Can you provide me some explaination ?

Thanks in advance!

razafinr
  • 932
  • 2
  • 10
  • 15

5 Answers5

63

This is doable using the update api. It does require that you define the id of each document, since the update api requires the id of the document to determine its presence.

Given an index created with the following documents:

PUT /cars/car/1 
{ "color": "blue", "brand": "mercedes" }
PUT /cars/car/2
{ "color": "blue", "brand": "toyota" }

We can get the upsert functionality you want using the update api with the following api call.

POST /cars/car/3/_update
{
    "doc": {
        "color" : "brown",
        "brand" : "ford"
    },
    "doc_as_upsert" : true
}

This api call will add the document to the index since it does not exist.

Running the call a second time after changing the color of the car, will update the document, instead of creating a new document.

POST /cars/car/3/_update
{
    "doc": {
        "color" : "black",
        "brand" : "ford"
    },
    "doc_as_upsert" : true
}
lisak
  • 21,611
  • 40
  • 152
  • 243
rclement
  • 1,664
  • 14
  • 10
  • 5
    I want to update the record base on the name field , instead of the id. So is it possible by upsert? – Sagar Vaghela Aug 01 '17 at 10:06
  • How to upsert based on a condition like say when the color is not black do the upsert? – user1870400 Jun 28 '18 at 08:14
  • I don't know how this was selected as the answer. The original author clearly said "I know that we can use upsert to create a non existing field when updating a document, but this is not what I want. I want to index the document if it doesn't exist.", and yet you are saying upsert will create or update... – xgmexgme May 04 '22 at 22:29
  • If you want to do this in Python API, check out [this question](https://stackoverflow.com/q/33226831/7122272). – Jaroslav Bezděk Aug 05 '22 at 08:44
8

AFAIK when you index the documents (with a PUT call), the existing version gets replaced with the newer version. If the document did not exist, it gets created. There is no need to make a distinction between INSERT and UPDATE in ElasticSearch.
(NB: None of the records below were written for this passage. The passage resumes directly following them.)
lemma conjugate_rate_product_le:
  assumes bt: "bernstein_triple a b \<mu>" and bt': "bernstein_triple a' b' \<mu>'"
    and conj: "\<And>z. Re z \<ge> 0 \<Longrightarrow> bernstein_fun a b \<mu> z * bernstein_fun a' b' \<mu>' z = z"
    and t: "t > 0"
  shows "(1 - exp (-1))^2 * (rate_fun a b \<mu> t * rate_fun a' b' \<mu>' t) \<le> 1 / t"
proof -
  let ?K = "1 - exp (-1::real)"
  let ?x = "complex_of_real (1 / t)"
  have x: "Re ?x > 0" "1 / Re ?x = t" using t by auto
  have low: "?K * rate_fun a b \<mu> t \<le> cmod (bernstein_fun a b \<mu> ?x)"
    "?K * rate_fun a' b' \<mu>' t \<le> cmod (bernstein_fun a' b' \<mu>' ?x)"
    using bernstein_fun_Re_lower[OF bt x(1)] bernstein_fun_Re_lower[OF bt' x(1)] x(2)
      complex_Re_le_cmod[of "bernstein_fun a b \<mu> ?x"] complex_Re_le_cmod[of "bernstein_fun a' b' \<mu>' ?x"]
    by auto
  have "cmod (bernstein_fun a b \<mu> ?x) * cmod (bernstein_fun a' b' \<mu>' ?x) = 1 / t"
    using conj[of ?x] x t by (metis less_imp_le norm_mult norm_of_real abs_of_pos zero_less_divide_1_iff)
  moreover have "(?K * rate_fun a b \<mu> t) * (?K * rate_fun a' b' \<mu>' t)
      \<le> cmod (bernstein_fun a b \<mu> ?x) * cmod (bernstein_fun a' b' \<mu>' ?x)"
    using low rate_fun_nonneg[OF bt t] rate_fun_nonneg[OF bt' t] by (intro mult_mono) auto
  ultimately show ?thesis by (simp add: power2_eq_square algebra_simps)
qed

lemma special_bernstein_lower:
  assumes sp: "special_bernstein a b \<mu>" and t: "t > 0" and z: "Re z \<ge> 0"
    and al: "\<alpha> \<le> t * cmod z" and be: "t * cmod z \<le> \<beta>" and a0: "\<alpha> > 0"
  shows "\<alpha> * (1 - exp (-1))^2 / max 2 \<beta> * rate_fun a b \<mu> t \<le> cmod (bernstein_fun a b \<mu> z)"
proof -
  have bt: "bernstein_triple a b \<mu>" using sp by (simp add: special_bernstein_def)
  obtain a' b' \<mu>' where bt': "bernstein_triple a' b' \<mu>'"
    and conj: "\<And>z. Re z \<ge> 0 \<Longrightarrow> bernstein_fun a b \<mu> z * bernstein_fun a' b' \<mu>' z = z"
    using special_bernstein_conjugate[OF sp] by blast
  let ?K = "1 - exp (-1::real)" and ?M = "max 2 \<beta>"
  let ?r = "rate_fun a b \<mu> t" and ?r' = "rate_fun a' b' \<mu>' t"
  let ?G = "cmod (bernstein_fun a b \<mu> z)" and ?H = "cmod (bernstein_fun a' b' \<mu>' z)"
  have r: "?r \<ge> 0" by (rule rate_fun_nonneg[OF bt t])
  have prod: "?K^2 * (?r * ?r') \<le> 1 / t" by (rule conjugate_rate_product_le[OF bt bt' conj t])
  have GH: "?G * ?H = cmod z" using conj[OF z] by (metis norm_mult)
  have cz: "cmod z > 0" using al a0 t by auto
  have H: "?H > 0" using GH cz by auto
  have H_upper: "?H \<le> ?M * ?r'" by (rule bernstein_fun_upper[OF bt' t z be])
  have "0 < ?M * ?r'" using H H_upper by linarith
  then have r': "?r' > 0" by (simp add: zero_less_mult_iff)
  have "\<alpha> * ?K^2 / ?M * ?r \<le> (t * cmod z) * ?K^2 / ?M * ?r"
    using al r by (intro mult_right_mono divide_right_mono mult_right_mono) auto
  also have "\<dots> = cmod z / (?M * ?r') * (t * (?K^2 * (?r * ?r')))"
    using r' by (simp add: field_simps power2_eq_square)
  also have "\<dots> \<le> cmod z / (?M * ?r') * 1"
    using prod t cz r' by (intro mult_left_mono) (auto simp: field_simps)
  also have "\<dots> \<le> cmod z / ?H" using H H_upper cz r' by (simp add: frac_le)
  also have "\<dots> = ?G" using GH H by (simp add: field_simps)
  finally show ?thesis .
qed

text \<open>The explicit constant for alpha = beta = 1: (1 - 1/e)^2 / 2 >= 1/(3 e^2), since e - 1 >= 1.\<close>
lemma explicit_constant_le: "1 / (3 * exp 2) \<le> (1 - exp (-1::real))^2 / 2"
proof -
  have e: "1 \<le> exp (1::real) - 1" using exp_ge_add_one_self[of 1] by simp
  have "1 \<le> (exp (1::real) - 1)^2" using power_mono[OF e, of 2] by simp
  then have "1 / (3 * (exp 1 * exp 1)) \<le> (exp 1 - 1)^2 / (2 * (exp 1 * exp (1::real)))"
    by (simp add: field_simps)
  moreover have "(1 - exp (-1::real))^2 / 2 = (exp 1 - 1)^2 / (2 * (exp 1 * exp 1))"
    by (simp add: exp_minus field_simps power2_eq_square)
  ultimately show ?thesis by (simp flip: exp_add)
qed

theorem proposition4p3:
  shows "(\<forall>\<alpha> \<beta>::real. 0 < \<alpha> \<and> \<alpha> \<le> \<beta> \<longrightarrow>
            (\<exists>c0 c1::real. c0 > 0 \<and> c1 > 0 \<and>
               (\<forall>a b (\<mu>::real measure) (t::real) (z::complex).
                  special_bernstein a b \<mu> \<and> t > 0 \<and> Re z \<ge> 0 \<and>
                  \<alpha> \<le> t * cmod z \<and> t * cmod z \<le> \<beta> \<longrightarrow>
                  c0 * rate_fun a b \<mu> t \<le> cmod (bernstein_fun a b \<mu> z) \<and>
                  cmod (bernstein_fun a b \<mu> z) \<le> c1 * rate_fun a b \<mu> t)))
       \<and> (\<forall>a b (\<mu>::real measure) (t::real) (z::complex).
            special_bernstein a b \<mu> \<and> t > 0 \<and> Re z \<ge> 0 \<and> t * cmod z = 1 \<longrightarrow>
            rate_fun a b \<mu> t / (3 * exp 2) \<le> cmod (bernstein_fun a b \<mu> z))"
proof (intro conjI allI impI)
  fix \<alpha> \<beta> :: real assume ab: "0 < \<alpha> \<and> \<alpha> \<le> \<beta>"
  show "\<exists>c0 c1::real. c0 > 0 \<and> c1 > 0 \<and>
               (\<forall>a b (\<mu>::real measure) (t::real) (z::complex).
                  special_bernstein a b \<mu> \<and> t > 0 \<and> Re z \<ge> 0 \<and>
                  \<alpha> \<le> t * cmod z \<and> t * cmod z \<le> \<beta> \<longrightarrow>
                  c0 * rate_fun a b \<mu> t \<le> cmod (bernstein_fun a b \<mu> z) \<and>
                  cmod (bernstein_fun a b \<mu> z) \<le> c1 * rate_fun a b \<mu> t)"
  proof (intro exI conjI allI impI)
    show "\<alpha> * (1 - exp (-1))^2 / max 2 \<beta> > 0" "max 2 \<beta> > 0" using ab by auto
    fix a b \<mu> t z
    assume "special_bernstein a b \<mu> \<and> t > 0 \<and> Re z \<ge> 0 \<and> \<alpha> \<le> t * cmod z \<and> t * cmod z \<le> \<beta>"
    then show "\<alpha> * (1 - exp (-1))^2 / max 2 \<beta> * rate_fun a b \<mu> t \<le> cmod (bernstein_fun a b \<mu> z)"
      and "cmod (bernstein_fun a b \<mu> z) \<le> max 2 \<beta> * rate_fun a b \<mu> t"
      using special_bernstein_lower ab bernstein_fun_upper by (auto simp: special_bernstein_def)
  qed
next
  fix a b \<mu> t z
  assume h: "special_bernstein a b \<mu> \<and> t > 0 \<and> Re z \<ge> 0 \<and> t * cmod z = 1"
  then have "rate_fun a b \<mu> t \<ge> 0" using rate_fun_nonneg by (auto simp: special_bernstein_def)
  then have "rate_fun a b \<mu> t / (3 * exp 2) \<le> (1 - exp (-1))^2 / 2 * rate_fun a b \<mu> t"
    using mult_right_mono[OF explicit_constant_le] by simp
  also have "\<dots> \<le> cmod (bernstein_fun a b \<mu> z)"
    using special_bernstein_lower[of a b \<mu> t z 1 1] h by simp
  finally show "rate_fun a b \<mu> t / (3 * exp 2) \<le> cmod (bernstein_fun a b \<mu> z)" .
qed

end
UPDATE: According to the documentation, if you use op_type=create, or a special _create version of the indexing call, then any call for a document which already exists will fail.

Quote from the documentation:

Here is an example of using the op_type parameter:

$ curl -XPUT 'http://localhost:9200/twitter/tweet/1?op_type=create' -d '{
    "user" : "kimchy",
    "post_date" : "2009-11-15T14:12:12",
    "message" : "trying out Elasticsearch"
}'
Another option to specify create is to use the following uri:

$ curl -XPUT 'http://localhost:9200/twitter/tweet/1/_create' -d '{
    "user" : "kimchy",
    "post_date" : "2009-11-15T14:12:12",
    "message" : "trying out Elasticsearch"
}'
Ashalynd
  • 12,363
  • 2
  • 34
  • 37
2

For bulk API use

bulks.push({
       update: {
               _index: 'index',
               _type: 'type',
              _id: id
               }
});
bulks.push({"doc_as_upsert":true, "doc": your_doc});
Amio.io
  • 20,677
  • 15
  • 82
  • 117
0

As of elasticsearch-model v0.1.4, upserts aren't supported. I was able to work around this by creating a custom callback.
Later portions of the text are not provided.